# Activity
Find the word "intro" in the records below. List each line containing it.

# Data extract

--------------------------------

lemma LJ_empty_in_Xi:
  assumes full: "Xset v UNIV = {x. \<forall>i. 0 \<le> x $ i}"
    and y: "\<forall>i. 0 \<le> y $ i"
  shows "LJ v {} y \<in> Xi v UNIV"
proof -
  let ?G = "{(\<lambda>q. q - n) ` Lat v UNIV | n. n \<in> Lat v UNIV}"
  have "\<exists>Q. Q \<in> ?G \<and> Q \<in> T" if T: "openin fell T" "LJ v {} y \<in> T" for T
  proof -
    obtain F where F: "finite F" "\<And>Q. \<forall>p\<in>F. p \<in> Q \<longleftrightarrow> p \<in> LJ v {} y \<Longrightarrow> Q \<in> T"
      using fell_neighbourhood_finite[OF T] by blast
    obtain n0 where n0: "n0 \<in> Lat v UNIV" "\<And>p. p \<in> F \<Longrightarrow> p + n0 \<in> Lat v UNIV \<longleftrightarrow> p \<in> LJ v {} y"
      using Lat_translate_agrees_on_finite[OF full y F(1)] by blast
    have "p \<in> (\<lambda>q. q - n0) ` Lat v UNIV \<longleftrightarrow> p + n0 \<in> Lat v UNIV" for p
      by (auto intro: image_eqI[of _ _ "p + n0"])
    then have "(\<lambda>q. q - n0) ` Lat v UNIV \<in> T" by (intro F(2)) (simp add: n0(2))
    moreover have "(\<lambda>q. q - n0) ` Lat v UNIV \<in> ?G" using n0(1) by blast
    ultimately show ?thesis by blast
  qed
  then show ?thesis by (simp add: Xi_def in_closure_of)
qed

lemma LJ_empty_notin_Xi_facet:
  fixes v :: "'d::finite \<Rightarrow> real ^ 'D::finite"
  assumes "inj v" "independent (range v)" "\<forall>k. norm (v k) = 1"
    and full: "Xset v UNIV = {x. \<forall>i. 0 \<le> x $ i}"
    and y: "\<forall>i. 0 \<le> y $ i"
  shows "LJ v {} y \<notin> Xi v (UNIV - {i})"
proof
  assume "LJ v {} y \<in> Xi v (UNIV - {i})"
  obtain m where "m \<in> Lat v (UNIV - {i})" "v i \<bullet> ivec m < - y $ i"
    using exists_Lat_point_negative_at[OF assms(1-4)] by blast
  moreover have "0 \<in> LJ v {} y" using y by (simp add: LJ_empty)
  ultimately have "0 + m \<in> LJ v {} y" using Xi_add_closed \<open>LJ v {} y \<in> Xi v (UNIV - {i})\<close> by blast
  with \<open>v i \<bullet> ivec m < - y $ i\<close> show False by (auto simp: LJ_empty dest: spec[of _ i])
qed

lemma LJ_empty_in_Cv:
  fixes v :: "'d::finite \<Rightarrow> real ^ 'D::finite"
  assumes "inj v" "independent (range v)" "\<forall>k. norm (v k) = 1"
    and "Xset v UNIV = {x. \<forall>i. 0 \<le> x $ i}"
    and "\<forall>i. 0 \<le> y $ i"
  shows "LJ v {} y \<in> Cv v"
  using LJ_empty_in_Xi[OF assms(4,5)] LJ_empty_notin_Xi_facet[OF assms] by (auto simp: Cv_def)

lemma eventually_sign_component_stable:
  fixes x :: "real ^ 'd::finite"
  assumes "c + x $ k = 0 \<Longrightarrow> x $ k = 0"
  shows "eventually (\<lambda>y. 0 \<le> c + y $ k \<longleftrightarrow> 0 \<le> c + x $ k) (at x within {y. \<forall>i. 0 \<le> y $ i})"
proof -
  have lim: "((\<lambda>y. c + y $ k) \<longlongrightarrow> c + x $ k) (at x within {y. \<forall>i. 0 \<le> y $ i})"
    by (intro tendsto_intros)
  consider "c + x $ k > 0" | "c + x $ k < 0" | "c + x $ k = 0" by linarith
  then show ?thesis
  proof cases
    case 1
    with order_tendstoD(1)[OF lim 1] show ?thesis by (auto elim: eventually_mono)
  next
    case 2
    with order_tendstoD(2)[OF lim 2] show ?thesis by (auto elim: eventually_mono)
  next
    case 3
    with assms have "c = 0" by simp
    moreover have "eventually (\<lambda>y. y \<in> {y. \<forall>i. 0 \<le> y $ i}) (at x within {y. \<forall>i. 0 \<le> y $ i})"
      by (simp add: eventually_at_filter)
    ultimately show ?thesis using 3 by (auto elim: eventually_mono)
  qed
qed

lemma eventually_mem_LJ_empty_stable:
  assumes "\<And>k n. x $ k = v k \<bullet> ivec n \<Longrightarrow> x $ k = 0"
  shows "eventually (\<lambda>y. p \<in> LJ v {} y \<longleftrightarrow> p \<in> LJ v {} x) (at x within {y. \<forall>i. 0 \<le> y $ i})"
proof -
  have "eventually (\<lambda>y. \<forall>k\<in>UNIV. 0 \<le> v k \<bullet> ivec p + y $ k \<longleftrightarrow> 0 \<le> v k \<bullet> ivec p + x $ k)
          (at x within {y. \<forall>i. 0 \<le> y $ i})"
  proof (intro eventually_ball_finite ballI eventually_sign_component_stable)
    show "x $ k = 0" if "v k \<bullet> ivec p + x $ k = 0" for k
      using that assms[of k "- p"] by (simp add: add_eq_0_iff)
  qed simp
  then show ?thesis by eventually_elim (simp add: LJ_empty)
qed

--------------------------------

# Result
      by (auto intro: image_eqI[of _ _ "p + n0"])
    then have "(\<lambda>q. q - n0) ` Lat v UNIV \<in> T" by (intro F(2)) (simp add: n0(2))
    by (intro tendsto_intros)
  proof (intro eventually_ball_finite ballI eventually_sign_component_stable)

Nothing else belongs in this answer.